*** Stored data ***

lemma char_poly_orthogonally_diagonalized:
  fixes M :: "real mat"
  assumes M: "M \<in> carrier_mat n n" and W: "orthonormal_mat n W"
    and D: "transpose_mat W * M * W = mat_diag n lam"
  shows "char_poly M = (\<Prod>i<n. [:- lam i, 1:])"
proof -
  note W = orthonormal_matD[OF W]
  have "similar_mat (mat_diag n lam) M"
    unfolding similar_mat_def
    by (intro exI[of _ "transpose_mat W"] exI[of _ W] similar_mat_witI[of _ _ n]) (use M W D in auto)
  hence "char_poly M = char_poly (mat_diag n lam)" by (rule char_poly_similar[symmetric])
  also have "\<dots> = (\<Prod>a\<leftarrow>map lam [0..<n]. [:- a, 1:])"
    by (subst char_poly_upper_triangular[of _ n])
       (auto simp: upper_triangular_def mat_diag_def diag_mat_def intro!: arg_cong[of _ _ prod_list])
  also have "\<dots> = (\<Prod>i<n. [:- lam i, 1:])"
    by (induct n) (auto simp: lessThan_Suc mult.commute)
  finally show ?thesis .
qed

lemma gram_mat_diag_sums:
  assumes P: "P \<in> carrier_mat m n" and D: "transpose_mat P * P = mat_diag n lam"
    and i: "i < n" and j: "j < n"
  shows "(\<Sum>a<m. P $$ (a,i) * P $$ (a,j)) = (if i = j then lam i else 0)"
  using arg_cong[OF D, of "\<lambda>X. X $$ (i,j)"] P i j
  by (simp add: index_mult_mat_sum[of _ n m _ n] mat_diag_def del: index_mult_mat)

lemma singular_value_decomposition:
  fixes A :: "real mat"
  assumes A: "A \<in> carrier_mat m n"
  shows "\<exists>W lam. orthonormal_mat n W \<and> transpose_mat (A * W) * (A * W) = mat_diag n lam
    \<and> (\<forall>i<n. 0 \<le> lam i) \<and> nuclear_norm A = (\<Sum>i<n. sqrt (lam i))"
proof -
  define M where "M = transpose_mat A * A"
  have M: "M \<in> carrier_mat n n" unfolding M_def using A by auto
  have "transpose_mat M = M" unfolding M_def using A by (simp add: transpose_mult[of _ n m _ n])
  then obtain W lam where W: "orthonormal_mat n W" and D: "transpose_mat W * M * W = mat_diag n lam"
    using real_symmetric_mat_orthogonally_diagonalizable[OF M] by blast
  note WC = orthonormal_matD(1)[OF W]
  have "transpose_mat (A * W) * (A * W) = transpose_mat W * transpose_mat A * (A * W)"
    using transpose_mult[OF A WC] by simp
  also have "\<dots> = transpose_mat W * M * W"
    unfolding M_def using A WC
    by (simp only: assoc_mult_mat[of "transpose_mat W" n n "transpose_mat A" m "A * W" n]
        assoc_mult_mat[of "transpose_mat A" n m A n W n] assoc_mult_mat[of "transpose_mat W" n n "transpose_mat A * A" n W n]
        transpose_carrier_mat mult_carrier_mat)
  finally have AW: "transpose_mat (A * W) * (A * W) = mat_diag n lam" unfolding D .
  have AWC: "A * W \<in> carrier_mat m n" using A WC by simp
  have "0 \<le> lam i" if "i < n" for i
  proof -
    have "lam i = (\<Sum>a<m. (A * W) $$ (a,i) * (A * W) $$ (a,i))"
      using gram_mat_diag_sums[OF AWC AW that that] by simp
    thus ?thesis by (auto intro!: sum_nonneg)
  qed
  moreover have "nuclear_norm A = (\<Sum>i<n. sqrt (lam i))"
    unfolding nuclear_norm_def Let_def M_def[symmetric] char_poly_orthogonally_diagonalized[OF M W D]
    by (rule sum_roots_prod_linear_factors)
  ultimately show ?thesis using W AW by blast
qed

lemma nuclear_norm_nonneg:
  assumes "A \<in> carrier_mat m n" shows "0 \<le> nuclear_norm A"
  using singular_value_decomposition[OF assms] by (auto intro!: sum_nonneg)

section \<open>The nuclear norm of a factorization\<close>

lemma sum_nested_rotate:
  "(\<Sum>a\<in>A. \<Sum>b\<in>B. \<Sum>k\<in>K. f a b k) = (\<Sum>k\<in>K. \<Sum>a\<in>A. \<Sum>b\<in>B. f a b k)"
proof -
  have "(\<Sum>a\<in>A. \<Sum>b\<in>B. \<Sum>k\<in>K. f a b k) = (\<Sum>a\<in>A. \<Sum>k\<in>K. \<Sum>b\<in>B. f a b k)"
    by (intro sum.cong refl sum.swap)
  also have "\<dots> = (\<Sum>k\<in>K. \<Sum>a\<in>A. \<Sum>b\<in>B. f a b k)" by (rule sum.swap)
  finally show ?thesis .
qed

*** End of Stored data ***

● Instructions for the task
Quote the records from their first line to the line with "lam. orthonormal_mat n", inclusive, without adding or dropping anything.

● Completed exercise
lemma char_poly_orthogonally_diagonalized:
  fixes M :: "real mat"
  assumes M: "M \<in> carrier_mat n n" and W: "orthonormal_mat n W"
    and D: "transpose_mat W * M * W = mat_diag n lam"
  shows "char_poly M = (\<Prod>i<n. [:- lam i, 1:])"
proof -
  note W = orthonormal_matD[OF W]
  have "similar_mat (mat_diag n lam) M"
    unfolding similar_mat_def
    by (intro exI[of _ "transpose_mat W"] exI[of _ W] similar_mat_witI[of _ _ n]) (use M W D in auto)
  hence "char_poly M = char_poly (mat_diag n lam)" by (rule char_poly_similar[symmetric])
  also have "\<dots> = (\<Prod>a\<leftarrow>map lam [0..<n]. [:- a, 1:])"
    by (subst char_poly_upper_triangular[of _ n])
       (auto simp: upper_triangular_def mat_diag_def diag_mat_def intro!: arg_cong[of _ _ prod_list])
  also have "\<dots> = (\<Prod>i<n. [:- lam i, 1:])"
    by (induct n) (auto simp: lessThan_Suc mult.commute)
  finally show ?thesis .
qed

lemma gram_mat_diag_sums:
  assumes P: "P \<in> carrier_mat m n" and D: "transpose_mat P * P = mat_diag n lam"
    and i: "i < n" and j: "j < n"
  shows "(\<Sum>a<m. P $$ (a,i) * P $$ (a,j)) = (if i = j then lam i else 0)"
  using arg_cong[OF D, of "\<lambda>X. X $$ (i,j)"] P i j
  by (simp add: index_mult_mat_sum[of _ n m _ n] mat_diag_def del: index_mult_mat)

lemma singular_value_decomposition:
  fixes A :: "real mat"
  assumes A: "A \<in> carrier_mat m n"
  shows "\<exists>W lam. orthonormal_mat n W \<and> transpose_mat (A * W) * (A * W) = mat_diag n lam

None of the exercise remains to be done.